To do: Copy all lines in the data that contain the string "induction".

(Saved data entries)
lemma path_through_trail:
  assumes t: "trail h c0 (\<sigma>,k) s t" and s: "0 < s" and cur: "(\<sigma>,k) \<in> dom h"
    and arm: "arm (the (h (\<sigma>,k))) \<noteq> []" and c1: "c1 < c0"
  shows "path_through h k c1 t"
  unfolding path_through_def
proof (intro conjI allI impI)
  have t_k: "t k = (\<sigma>, last (arm (the (h (\<sigma>,k)))))" using t s unfolding trail_def by simp
  fix i assume "k \<le> i \<and> i \<le> c1"
  then show "(fst (t i), i) \<in> dom h" using t t_k cur c1 unfolding trail_def by (cases "i = k") auto
next
  fix i assume "k < i \<and> i \<le> c1"
  then show "snd (t i) \<in> set (ext_leg (the (h (fst (t i), i))))" using t c1 unfolding trail_def by auto
next
  fix i assume "k \<le> i \<and> i < c1"
  then show "snd (t i) \<le> snd (t (Suc i))" using t c1 unfolding trail_def by auto
next
  show "snd (t k) \<in> entries h (fst (t k), k)"
    using t s arm unfolding trail_def by (simp add: entries_def hentries_def)
qed

lemma sorted_le_last: "sorted xs \<Longrightarrow> a \<in> set xs \<Longrightarrow> a \<le> last xs"
  by (induction xs rule: rev_induct) (auto simp: sorted_append)

locale crowding =
  fixes mu lam :: "nat list" and S :: hvt and F :: "cell \<Rightarrow> nat"
  assumes partition_mu: "partition mu" and partition_lam: "partition lam"
    and set_valued_S: "set_valued_of_shape mu S" and flagged_F: "col_flagged_incr mu lam F"
begin

abbreviation "co \<equiv> crowding_order mu lam F"
abbreviation "cells \<equiv> skew mu lam"

abbreviation "remaining j \<equiv> young mu - set (take j co)"

definition key :: "cell \<Rightarrow> int \<times> int" where
  "key p = (int (snd p) - int (F p), - int (snd p))"

definition dest_col :: "cell \<Rightarrow> nat" where
  "dest_col p = snd p - F p"

lemma co_eq_sort_key: "co = sort_key key (sorted_list_of_set cells)"
proof -
  have "(\<lambda>(r,c). (int c - int (F (r,c)), - int c)) = key" by (auto simp: key_def fun_eq_iff)
  then show ?thesis unfolding crowding_order_def by simp
qed

lemma finite_cells: "finite cells"
  unfolding skew_def using finite_young by simp

lemma set_co: "set co = cells"
  unfolding co_eq_sort_key using finite_cells by simp

lemma distinct_co: "distinct co"
  unfolding co_eq_sort_key using finite_cells by simp

lemma length_co: "length co = card cells"
  using distinct_card[OF distinct_co] set_co by simp

lemma co_nth_in_cells: "i < length co \<Longrightarrow> co ! i \<in> cells"
  using set_co nth_mem by blast

lemma F_bounds: "(r,c) \<in> cells \<Longrightarrow> 0 < F (r,c) \<and> F (r,c) \<le> c - 1"
  using flagged_F unfolding col_flagged_incr_def by blast

lemma F_row_less: "(r,c) \<in> cells \<Longrightarrow> (r,c') \<in> cells \<Longrightarrow> c < c' \<Longrightarrow> F (r,c) < F (r,c')"
  using flagged_F unfolding col_flagged_incr_def by blast

lemma F_col_less: "(r,c) \<in> cells \<Longrightarrow> (r',c) \<in> cells \<Longrightarrow> r < r' \<Longrightarrow> F (r,c) < F (r',c)"
  using flagged_F unfolding col_flagged_incr_def by blast

lemma cells_pos: "(r,c) \<in> cells \<Longrightarrow> 1 \<le> r \<and> 1 \<le> c"
  by (auto simp: skew_def young_def)

lemma dest_col_bounds: "p \<in> cells \<Longrightarrow> 1 \<le> dest_col p \<and> dest_col p < snd p"
  using F_bounds[of "fst p" "snd p"] by (cases p) (auto simp: dest_col_def)

lemma fst_key: "p \<in> cells \<Longrightarrow> fst (key p) = int (dest_col p)"
  using F_bounds[of "fst p" "snd p"] by (cases p) (auto simp: key_def dest_col_def)

lemma key_inj:
  assumes "p \<in> cells" "p' \<in> cells" "key p = key p'"
  shows "p = p'"
proof (rule ccontr)
  obtain r c r' c' where pp: "p = (r,c)" "p' = (r',c')" by (cases p, cases p')
  assume "p \<noteq> p'"
  have c: "c' = c" using assms(3) pp by (simp add: key_def)
  then have "F (r,c) = F (r',c)" "r \<noteq> r'" using assms(3) pp \<open>p \<noteq> p'\<close> by (auto simp: key_def)
  then show False
    using F_col_less[of r c r'] F_col_less[of r' c r] assms(1,2) pp c by (cases "r < r'") auto
qed

lemma key_co_mono: "i \<le> i' \<Longrightarrow> i' < length co \<Longrightarrow> key (co ! i) \<le> key (co ! i')"
  using sorted_nth_mono[of "map key co" i i'] unfolding co_eq_sort_key by simp

lemma key_co_strict_mono: 
  assumes "i < i'" "i' < length co"
  shows "key (co ! i) < key (co ! i')"
proof -
  have "co ! i \<noteq> co ! i'" using distinct_co assms nth_eq_iff_index_eq by fastforce
  then have "key (co ! i) \<noteq> key (co ! i')"
    using key_inj co_nth_in_cells assms by (meson order.strict_trans)
  then show ?thesis using key_co_mono[of i i'] assms by simp
qed

lemma mem_take_if_key_less:
  assumes "p \<in> cells" "key p < key (co ! j)" "j < length co"
  shows "p \<in> set (take j co)"
proof -
  obtain i where i: "i < length co" "co ! i = p" using assms(1) set_co by (metis in_set_conv_nth)
  have "i < j"
    using key_co_mono[of j i] i assms(2) by (cases "j \<le> i") auto
  then show ?thesis using i by (metis in_set_conv_nth length_take min_less_iff_conj nth_take)
qed

lemma dest_col_co_mono: 
  assumes "i \<le> i'" "i' < length co"
  shows "dest_col (co ! i) \<le> dest_col (co ! i')"
proof -
  have "fst (key (co ! i)) \<le> fst (key (co ! i'))"
    using key_co_mono[OF assms] by (cases "key (co ! i)", cases "key (co ! i')") auto
  then show ?thesis using fst_key co_nth_in_cells assms by simp
qed
lemma C_n_ge_average_log_msgs:
  assumes "N \<ge> 1" "achievable N M"
    and below: "\<And>i. i \<ge> 1 \<Longrightarrow> w i \<le> log 2 (real (M i)) / real N" and "has_rate w \<tau>"
  shows "\<tau> \<le> C_n N 1 \<beta> p"
proof (cases "\<tau> < 0")
  case True
  then show ?thesis
    using C_n_nonneg[OF \<open>N \<ge> 1\<close>] by linarith
next
  case False
  obtain E D where M_pos: "\<And>i. i \<ge> 1 \<Longrightarrow> 1 \<le> M i" and "decodes N M E D" "sparse_updates N M E"
    using assms(2) unfolding achievable_def by blast
  define t where "t = (\<lambda>i. log 2 (real (M i)) / real N)"
  have "0 \<le> t i" if "i \<ge> 1" for i
    using M_pos[OF that] unfolding t_def by simp
  then obtain s where s: "\<And>i. i \<ge> 1 \<Longrightarrow> 0 \<le> s i \<and> s i \<le> t i" and "has_rate s \<tau>"
    using exists_rate_below[of t w \<tau> \<tau>] below \<open>has_rate w \<tau>\<close> False unfolding t_def by force
  have "0 \<le> s i \<and> num_msgs N (s i) \<le> M i" if "i \<ge> 1" for i
  proof -
    have "real (num_msgs N (s i)) \<le> 2 powr (real N * s i)"
      by (rule num_msgs_le_powr)
    also have "\<dots> \<le> 2 powr (real N * t i)"
      using s[OF that] by (simp add: mult_left_mono)
    also have "\<dots> = real (M i)"
      using M_pos[OF that] \<open>N \<ge> 1\<close> unfolding t_def by simp
    finally show ?thesis
      using s[OF that] by (simp only: of_nat_le_iff)
  qed
  then show ?thesis
    using rate_le_C_n[OF \<open>N \<ge> 1\<close> \<open>decodes N M E D\<close> \<open>sparse_updates N M E\<close>] \<open>has_rate s \<tau>\<close> by blast
qed

lemma C_n_ge_blocks:
  assumes "\<beta> \<le> n" "is_code n R E D" "constrained n 1 \<beta> p R E" "has_rate R r" "N \<ge> n + \<beta>"
  shows "real (N div (n + \<beta>)) * (real n * r - 1) / real N \<le> C_n N 1 \<beta> p"
proof -
  define k where "k = N div (n + \<beta>)"
  define M where "M = (\<lambda>i. num_msgs n (R i))"
  have R_nonneg: "0 \<le> R i" if "i \<ge> 1" for i
    using assms(2) that unfolding is_code_def by simp
  have "achievable n M"
    unfolding achievable_def M_def
    using num_msgs_ge_one R_nonneg decodes_if_is_code[OF assms(2)]
      sparse_updates_if_constrained[OF assms(2,3,1)] by blast
  then have padded: "achievable N (\<lambda>i. M i ^ k)"
    unfolding k_def using assms(5) by (rule achievable_padded)
  have "N \<ge> 1"
    using assms(5) window_pos by simp
  have below: "real k / real N * (real n * R i - 1) \<le> log 2 (real (M i ^ k)) / real N" if "i \<ge> 1" for i
  proof -
    have "real n * R i - 1 \<le> log 2 (real (M i))"
      unfolding M_def using R_nonneg[OF that] by (rule log_num_msgs_ge)
    moreover have "M i \<ge> 1"
      unfolding M_def using R_nonneg[OF that] by (rule num_msgs_ge_one)
    ultimately show ?thesis
      by (simp add: log_nat_power divide_right_mono mult_left_mono)
  qed
  have rate: "has_rate (\<lambda>i. real k / real N * (real n * R i - 1)) (real k / real N * (real n * r - 1))"
    using has_rate_affine[OF assms(4), of "real k / real N * real n" "- real k / real N"]
    by (simp add: algebra_simps)
  have "real k / real N * (real n * r - 1) \<le> C_n N 1 \<beta> p"
    by (rule C_n_ge_average_log_msgs[OF \<open>N \<ge> 1\<close> padded _ rate]) (rule below)
  then show ?thesis
    unfolding k_def by simp
qed
(* Let $\sigma$ be a confined position on the complete bipartite graph $K_{a,b}$ with sides $L$ ($|L|=a$) and $R$ ($|R|=b$). If $v,w\in L$ satisfy $\sigma(v)\le\sigma(w)$, then for all $t\ge 0$, $u_t(\sigma,v)\le u_t(\sigma,w)\le u_t(\sigma,v)+1$.
   Context: Parallel chip-firing game: on a graph $G$, a position $\sigma$ assigns a nonnegative integer $\sigma(v)$ to each vertex. Writing $\Phi_\sigma(v)$ for the number of neighbors $w$ of $v$ with $\sigma(w)\ge\deg(w)$, the step operator is $U\sigma(v)=\sigma(v)+\Phi_\sigma(v)$ if $\sigma(v)\le \deg(v)-1$ and $U\sigma(v)=\sigma(v)+\Phi_\sigma(v)-\deg(v)$ otherwise. A position is confined if every vertex satisfies $\Phi_\sigma(v)\le\sigma(v)\le\Phi_\sigma(v)+\deg(v)-1$. In $K_{a,b}$, every vertex of $L$ is adjacent exactly to all vertices of $R$ (degree $b$) and vice versa (degree $a$). $u_t(\sigma,v)=|\{s: 0\le s<t,\ U^s\sigma(v)\ge\deg(v)\}|$. *)

theory Defs
  imports Main
begin

text \<open>A graph is given by a finite vertex set V and an adjacency relation E
(symmetric, irreflexive). Positions are functions vertex to nat (only values on V matter).\<close>

definition deg :: "'a set \<Rightarrow> ('a \<Rightarrow> 'a \<Rightarrow> bool) \<Rightarrow> 'a \<Rightarrow> nat" where
  "deg V E v = card {w \<in> V. E v w}"

definition Phi :: "'a set \<Rightarrow> ('a \<Rightarrow> 'a \<Rightarrow> bool) \<Rightarrow> ('a \<Rightarrow> nat) \<Rightarrow> 'a \<Rightarrow> nat" where
  "Phi V E \<sigma> v = card {w \<in> V. E v w \<and> \<sigma> w \<ge> deg V E w}"

definition step :: "'a set \<Rightarrow> ('a \<Rightarrow> 'a \<Rightarrow> bool) \<Rightarrow> ('a \<Rightarrow> nat) \<Rightarrow> ('a \<Rightarrow> nat)" where
  "step V E \<sigma> = (\<lambda>v. if \<sigma> v + 1 \<le> deg V E v then \<sigma> v + Phi V E \<sigma> v
                       else \<sigma> v + Phi V E \<sigma> v - deg V E v)"

definition confined :: "'a set \<Rightarrow> ('a \<Rightarrow> 'a \<Rightarrow> bool) \<Rightarrow> ('a \<Rightarrow> nat) \<Rightarrow> bool" where
  "confined V E \<sigma> = (\<forall>v\<in>V. Phi V E \<sigma> v \<le> \<sigma> v \<and> \<sigma> v + 1 \<le> Phi V E \<sigma> v + deg V E v)"

definition fires :: "'a set \<Rightarrow> ('a \<Rightarrow> 'a \<Rightarrow> bool) \<Rightarrow> nat \<Rightarrow> ('a \<Rightarrow> nat) \<Rightarrow> 'a \<Rightarrow> nat" where
  "fires V E t \<sigma> v = card {s. s < t \<and> ((step V E) ^^ s) \<sigma> v \<ge> deg V E v}"

definition Kab_adj :: "'a set \<Rightarrow> 'a set \<Rightarrow> 'a \<Rightarrow> 'a \<Rightarrow> bool" where
  "Kab_adj L R x y = ((x \<in> L \<and> y \<in> R) \<or> (x \<in> R \<and> y \<in> L))"

end

theory Submission
  imports Defs
begin

(* The statement has nothing to do with bipartiteness as such:
   two vertices v, w of L have the same neighbourhood R, so for every position they
   see the same number \<Phi> of firing neighbours and have the same degree b.  For such
   "twin" vertices the parallel dynamics only ever adds the same amount \<Phi> to both, and
   subtracts b from whichever one fires.  Writing d = \<sigma>(w) - \<sigma>(v) < b, induction on
   time shows that at every step either both have fired equally often and w is ahead
   by d, or w has fired once more and is behind by b - d. *)

lemma fires_Suc:
  "fires V E (Suc t) \<sigma> x =
     fires V E t \<sigma> x + (if ((step V E) ^^ t) \<sigma> x \<ge> deg V E x then 1 else 0)"
proof -
  let ?P = "\<lambda>s. ((step V E) ^^ s) \<sigma> x \<ge> deg V E x"
  have "{s. s < Suc t \<and> ?P s} = {s. s < t \<and> ?P s} \<union> (if ?P t then {t} else {})"
    using less_Suc_eq by auto
  then show ?thesis unfolding fires_def by (auto simp: card_insert_if)
qed

definition twins :: "'a set \<Rightarrow> ('a \<Rightarrow> 'a \<Rightarrow> bool) \<Rightarrow> 'a \<Rightarrow> 'a \<Rightarrow> bool" where
  "twins V E v w = ({u \<in> V. E v u} = {u \<in> V. E w u})"

lemma twins_deg: "twins V E v w \<Longrightarrow> deg V E w = deg V E v"
  unfolding twins_def deg_def by simp

lemma twins_Phi:
  assumes "twins V E v w"
  shows "Phi V E \<tau> w = Phi V E \<tau> v"
proof -
  have "{u \<in> V. E v u \<and> deg V E u \<le> \<tau> u} = {u \<in> V. E w u \<and> deg V E u \<le> \<tau> u}"
    using assms unfolding twins_def by blast
  then show ?thesis unfolding Phi_def by simp
qed

lemma twins_invariant:
  assumes tw: "twins V E v w" and le: "\<sigma> v \<le> \<sigma> w" and gap: "\<sigma> w < \<sigma> v + deg V E v"
  defines "f s \<equiv> ((step V E) ^^ s) \<sigma>" and "F s \<equiv> fires V E s \<sigma>"
    and "d \<equiv> \<sigma> w - \<sigma> v" and "b \<equiv> deg V E v"
  shows "(F s w = F s v \<and> f s w = f s v + d) \<or> (F s w = F s v + 1 \<and> f s w + b = f s v + d)"
proof (induction s)
  case 0
  show ?case using le by (simp add: F_def f_def fires_def d_def)
next
  case (Suc s)
  have F_Suc: "F (Suc s) x = F s x + (if f s x \<ge> deg V E x then 1 else 0)" for x
    unfolding F_def f_def by (rule fires_Suc)
  have f_Suc: "f (Suc s) x = (if f s x + 1 \<le> deg V E x then f s x + Phi V E (f s) x
                              else f s x + Phi V E (f s) x - deg V E x)" for x
    unfolding f_def by (simp add: step_def)
  have "d < b" using le gap unfolding d_def b_def by linarith
  then show ?case
    using Suc.IH unfolding F_Suc f_Suc twins_Phi[OF tw] twins_deg[OF tw] b_def[symmetric]
    by (auto split: if_splits)
qed

lemma twins_fires_bounds:
  assumes "twins V E v w" and "\<sigma> v \<le> \<sigma> w" and "\<sigma> w < \<sigma> v + deg V E v"
  shows "fires V E t \<sigma> v \<le> fires V E t \<sigma> w \<and> fires V E t \<sigma> w \<le> fires V E t \<sigma> v + 1"
  using twins_invariant[OF assms, of t] by auto

lemma confined_twins_gap:
  assumes "confined V E \<sigma>" and "twins V E v w" and "v \<in> V" and "w \<in> V"
  shows "\<sigma> w < \<sigma> v + deg V E v"
proof -
  have "Phi V E \<sigma> v \<le> \<sigma> v" and "\<sigma> w + 1 \<le> Phi V E \<sigma> w + deg V E w"
    using assms(1,3,4) unfolding confined_def by auto
  then show ?thesis using twins_Phi[OF assms(2), of \<sigma>] twins_deg[OF assms(2)] by linarith
qed

lemma Kab_left_twins:
  assumes "L \<inter> R = {}" and "v \<in> L" and "w \<in> L"
  shows "twins (L \<union> R) (Kab_adj L R) v w"
proof -
  have "{u \<in> L \<union> R. Kab_adj L R x u} = R" if "x \<in> L" for x
    using assms(1) that by (auto simp: Kab_adj_def)
  then show ?thesis unfolding twins_def using assms(2,3) by simp
qed

theorem lemma3p1:
  fixes L R :: "'a set" and \<sigma> :: "'a \<Rightarrow> nat" and v w :: 'a and t :: nat
  assumes "finite L" and "finite R" and "L \<inter> R = {}"
    and "confined (L \<union> R) (Kab_adj L R) \<sigma>"
    and "v \<in> L" and "w \<in> L" and "\<sigma> v \<le> \<sigma> w"
  shows "fires (L \<union> R) (Kab_adj L R) t \<sigma> v \<le> fires (L \<union> R) (Kab_adj L R) t \<sigma> w
       \<and> fires (L \<union> R) (Kab_adj L R) t \<sigma> w \<le> fires (L \<union> R) (Kab_adj L R) t \<sigma> v + 1"
proof -
  have tw: "twins (L \<union> R) (Kab_adj L R) v w"
    using Kab_left_twins assms(3,5,6) .
  have "\<sigma> w < \<sigma> v + deg (L \<union> R) (Kab_adj L R) v"
    using confined_twins_gap[OF assms(4) tw] assms(5,6) by blast
  then show ?thesis using twins_fires_bounds[OF tw assms(7)] by blast
qed

end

Final answer:
  by (induction xs rule: rev_induct) (auto simp: sorted_append)
   subtracts b from whichever one fires.  Writing d = \<sigma>(w) - \<sigma>(v) < b, induction on
proof (induction s)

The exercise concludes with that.